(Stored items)
____________________

(* Let $\mathfrak{g}$ be the Lie algebra described in the context with the $G_2$-structure $\varphi=e^{127}+e^{347}+e^{567}+e^{135}-e^{146}-e^{236}-e^{245}$. If $\varphi$ is closed ($d\varphi=0$), is an eigenform ($\Delta\varphi=\lambda\varphi$ for some $\lambda\in\mathbb{R}$, where $\Delta$ is the Hodge Laplacian), and its torsion $2$-form $\tau_2=-\ast d\ast\varphi$ is $\tau_2=a\,e^{12}+b\,e^{34}+c\,e^{56}$ for some $a,b,c\in\mathbb{R}$ with $a+b+c=0$, then $\varphi$ is torsion-free, i.e. $\tau_2=0$.
   Context: $\mathfrak{g}$ is a $7$-dimensional Lie algebra with basis $\{e_1,\dots,e_7\}$, dual basis $\{e^i\}$, $e^{ij\dots}=e^i\wedge e^j\wedge\cdots$, bracket given by $A_1=\operatorname{ad}e_7|_{\operatorname{span}\{e_1,e_2\}}=\begin{pmatrix}x&z\\ y&w\end{pmatrix}$, $A=\operatorname{ad}e_7|_{\mathfrak{g}_1}$, $B=\operatorname{ad}e_1|_{\mathfrak{g}_1}$, $C=\operatorname{ad}e_2|_{\mathfrak{g}_1}$, with $\mathfrak{g}_1=\operatorname{span}\{e_3,\dots,e_6\}$ an abelian ideal, $\operatorname{span}\{e_1,e_2\}$ abelian, $\operatorname{span}\{e_7,e_1,e_2\}$ a subalgebra, $\operatorname{tr}B=\operatorname{tr}C=0$, $[A,B]=xB+yC$, $[A,C]=zB+wC$, $[B,C]=0$. $\varphi$ is viewed as a left-invariant $G_2$-structure on the simply connected Lie group with Lie algebra $\mathfrak{g}$; $\ast$ and $\Delta=d d^*+d^* d$ are taken with respect to the metric and orientation induced by $\varphi$ (for which $\{e_i\}$ is oriented orthonormal). For closed $\varphi$, $\tau_2$ is the only nonzero torsion form. *)

theory Defs
  imports Complex_Main
begin

text \<open>A (mixed-degree) form is represented by its coefficient function: for an index set
I \<subseteq> {1..7}, alpha I is the coefficient of e^I = e^{i_1} \<and> ... \<and> e^{i_k}
(i_1 < ... < i_k).  Values on sets not contained in {1..7} are irrelevant and are
produced as 0 by all operations below.\<close>

type_synonym form = "nat set \<Rightarrow> real"

text \<open>Structure constants: lie_c ... i j k is the coefficient of e_k in [e_i, e_j].
A1 = ad e_7 on span{e_1,e_2} has columns (x,y), (z,w), i.e. [e_7,e_1] = x e_1 + y e_2,
[e_7,e_2] = z e_1 + w e_2.  A, B, C are the matrices of ad e_7, ad e_1, ad e_2 on
g_1 = span{e_3,...,e_6}, indexed by {3..6}: M k j = coefficient of e_k in M e_j.\<close>

definition lie_c ::
  "real \<Rightarrow> real \<Rightarrow> real \<Rightarrow> real \<Rightarrow> (nat \<Rightarrow> nat \<Rightarrow> real) \<Rightarrow> (nat \<Rightarrow> nat \<Rightarrow> real) \<Rightarrow>
   (nat \<Rightarrow> nat \<Rightarrow> real) \<Rightarrow> nat \<Rightarrow> nat \<Rightarrow> nat \<Rightarrow> real" where
  "lie_c x y z w A B C i j k =
     (let g1 = {3..6::nat};
          base = (\<lambda>i j k.
             if i = 7 \<and> j = 1 then (if k = 1 then x else if k = 2 then y else 0)
             else if i = 7 \<and> j = 2 then (if k = 1 then z else if k = 2 then w else 0)
             else if i = 7 \<and> j \<in> g1 then (if k \<in> g1 then A k j else 0)
             else if i = 1 \<and> j \<in> g1 then (if k \<in> g1 then B k j else 0)
             else if i = 2 \<and> j \<in> g1 then (if k \<in> g1 then C k j else 0)
             else 0)
      in base i j k - base j i k)"

text \<open>Evaluation alpha(e_m, e_{j_1}, ..., e_{j_r}) for J = {j_1 < ... < j_r},
with the convention e^{i_1...i_k}(e_{i_1},...,e_{i_k}) = 1.\<close>

definition ev_ins :: "form \<Rightarrow> nat \<Rightarrow> nat set \<Rightarrow> real" where
  "ev_ins \<alpha> m J = (if m \<in> J then 0
                   else (-1::real) ^ card {j \<in> J. j < m} * \<alpha> (insert m J))"

text \<open>Chevalley--Eilenberg differential (exterior derivative of left-invariant forms):
d alpha(X_0,...,X_k) = sum_{p<q} (-1)^{p+q} alpha([X_p,X_q], X_0,..^p..^q..,X_k).\<close>

definition dform :: "(nat \<Rightarrow> nat \<Rightarrow> nat \<Rightarrow> real) \<Rightarrow> form \<Rightarrow> form" where
  "dform c \<alpha> I =
     (if I \<subseteq> {1..7} then
        (let L = sorted_list_of_set I in
          \<Sum>p<length L. \<Sum>q<length L.
            if p < q then (-1::real) ^ (p + q) *
               (\<Sum>m\<in>{1..7}. c (L ! p) (L ! q) m * ev_ins \<alpha> m (I - {L ! p, L ! q}))
            else 0)
      else 0)"

text \<open>Hodge star for the metric with {e_i} oriented orthonormal, volume form e^{1...7}:
* e^I = s e^{I^c} where e^I \<and> e^{I^c} = s e^{1...7}.\<close>

definition wedge_sign :: "nat set \<Rightarrow> nat set \<Rightarrow> real" where
  "wedge_sign I J = (-1::real) ^ card {(i, j). i \<in> I \<and> j \<in> J \<and> j < i}"

definition hodge :: "form \<Rightarrow> form" where
  "hodge \<alpha> J = (if J \<subseteq> {1..7} then wedge_sign ({1..7} - J) J * \<alpha> ({1..7} - J) else 0)"

text \<open>Codifferential on a 7-dimensional Riemannian manifold: on k-forms
d^* = (-1)^{7(k+1)+1} * d * = (-1)^k * d *.  The component of d^* alpha of degree
card J comes from the degree (card J + 1) part of alpha.\<close>

definition codiff :: "(nat \<Rightarrow> nat \<Rightarrow> nat \<Rightarrow> real) \<Rightarrow> form \<Rightarrow> form" where
  "codiff c \<alpha> J = (-1::real) ^ (card J + 1) * hodge (dform c (hodge \<alpha>)) J"

definition hodge_laplacian :: "(nat \<Rightarrow> nat \<Rightarrow> nat \<Rightarrow> real) \<Rightarrow> form \<Rightarrow> form" where
  "hodge_laplacian c \<alpha> = (\<lambda>I. dform c (codiff c \<alpha>) I + codiff c (dform c \<alpha>) I)"

definition tau2 :: "(nat \<Rightarrow> nat \<Rightarrow> nat \<Rightarrow> real) \<Rightarrow> form \<Rightarrow> form" where
  "tau2 c \<phi> = (\<lambda>I. - hodge (dform c (hodge \<phi>)) I)"

definition phi0 :: form where
  "phi0 I = (if I = {1,2,7} \<or> I = {3,4,7} \<or> I = {5,6,7} \<or> I = {1,3,5} then 1
             else if I = {1,4,6} \<or> I = {2,3,6} \<or> I = {2,4,5} then -1 else 0)"

end

theory Submission
  imports Defs
begin

(* Since d phi = 0, the codifferential of phi is tau2, so the Hodge Laplacian of phi is d tau2
   and the eigenform condition reads d tau2 = lam phi.  Pairing with phi gives
   7 lam = |tau2|^2 = a^2 + b^2 + c^2, and the e^347 and e^567 components together with
   tr A = a give a (b c - lam) = 0.  If lam were nonzero, then lam = b c, and a = - b - c turns
   7 b c = a^2 + b^2 + c^2 into (c - 2 b) (b - 2 c) = 0.  The isometry e1 -> -e1, e2 -> -e2,
   e3 <-> e5, e4 <-> e6 preserves phi and exchanges b and c, so only c = 2 b has to be excluded.
   Then the components of d phi = 0, of tau2 and of d tau2 = lam phi are linear equations in the
   structure constants; solving them and substituting into nine entries of the Jacobi identities
   [A,B] = x B + y C, [A,C] = z B + w C, [B,C] = 0 gives b^2 + (sum of squares) = 0, contradicting
   b <> 0.  Hence lam = 0 and a = b = c = 0. *)

section \<open>The Hodge Laplacian of a closed form\<close>

lemma dform_zero: "dform c (\<lambda>_. 0) = (\<lambda>_. 0)"
proof -
  have ev_ins_zero: "ev_ins (\<lambda>_. 0) m J = 0" for m J
    by (simp add: ev_ins_def)
  show ?thesis
    unfolding dform_def Let_def ev_ins_zero mult_zero_right sum.neutral_const
    by (simp add: fun_eq_iff)
qed

lemma hodge_zero: "hodge (\<lambda>_. 0) = (\<lambda>_. 0)"
  by (simp add: fun_eq_iff hodge_def)

lemma hodge_laplacian_closed:
  assumes closed: "dform c \<phi> = (\<lambda>_. 0)"
    and two_form: "\<And>J. card J \<noteq> 2 \<Longrightarrow> tau2 c \<phi> J = 0"
  shows "hodge_laplacian c \<phi> = dform c (tau2 c \<phi>)"
proof -
  have codiff_phi: "codiff c \<phi> = tau2 c \<phi>"
  proof
    fix J :: "nat set"
    show "codiff c \<phi> J = tau2 c \<phi> J"
      using two_form[of J] by (cases "card J = 2") (simp_all add: codiff_def tau2_def)
  qed
  have codiff_d_phi: "codiff c (dform c \<phi>) = (\<lambda>_. 0)"
    by (simp add: fun_eq_iff closed codiff_def dform_zero hodge_zero)
  show ?thesis
    unfolding hodge_laplacian_def codiff_phi codiff_d_phi by simp
qed

section \<open>Evaluating forms on explicit index sets\<close>

lemma atLeastAtMost_1_7: "{1..7::nat} = {1,2,3,4,5,6,7}"
  by auto

lemma card_filter_eq_length:
  "finite J \<Longrightarrow> card {j \<in> J. P j} = length (filter P (sorted_list_of_set J))"
  by (metis distinct_card distinct_filter distinct_sorted_list_of_set set_filter
      set_sorted_list_of_set)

____________________

_Assignment_.
Copy the entries above exactly, but only from the line holding "(\<lambda>_. 0) m" through the line holding "using two_form[of J]", both included.

_Output of the exercise_.
  have ev_ins_zero: "ev_ins (\<lambda>_. 0) m J = 0" for m J
    by (simp add: ev_ins_def)
  show ?thesis
    unfolding dform_def Let_def ev_ins_zero mult_zero_right sum.neutral_const
    by (simp add: fun_eq_iff)
qed

lemma hodge_zero: "hodge (\<lambda>_. 0) = (\<lambda>_. 0)"
  by (simp add: fun_eq_iff hodge_def)

lemma hodge_laplacian_closed:
  assumes closed: "dform c \<phi> = (\<lambda>_. 0)"
    and two_form: "\<And>J. card J \<noteq> 2 \<Longrightarrow> tau2 c \<phi> J = 0"
  shows "hodge_laplacian c \<phi> = dform c (tau2 c \<phi>)"
proof -
  have codiff_phi: "codiff c \<phi> = tau2 c \<phi>"
  proof
    fix J :: "nat set"
    show "codiff c \<phi> J = tau2 c \<phi> J"
      using two_form[of J] by (cases "card J = 2") (simp_all add: codiff_def tau2_def)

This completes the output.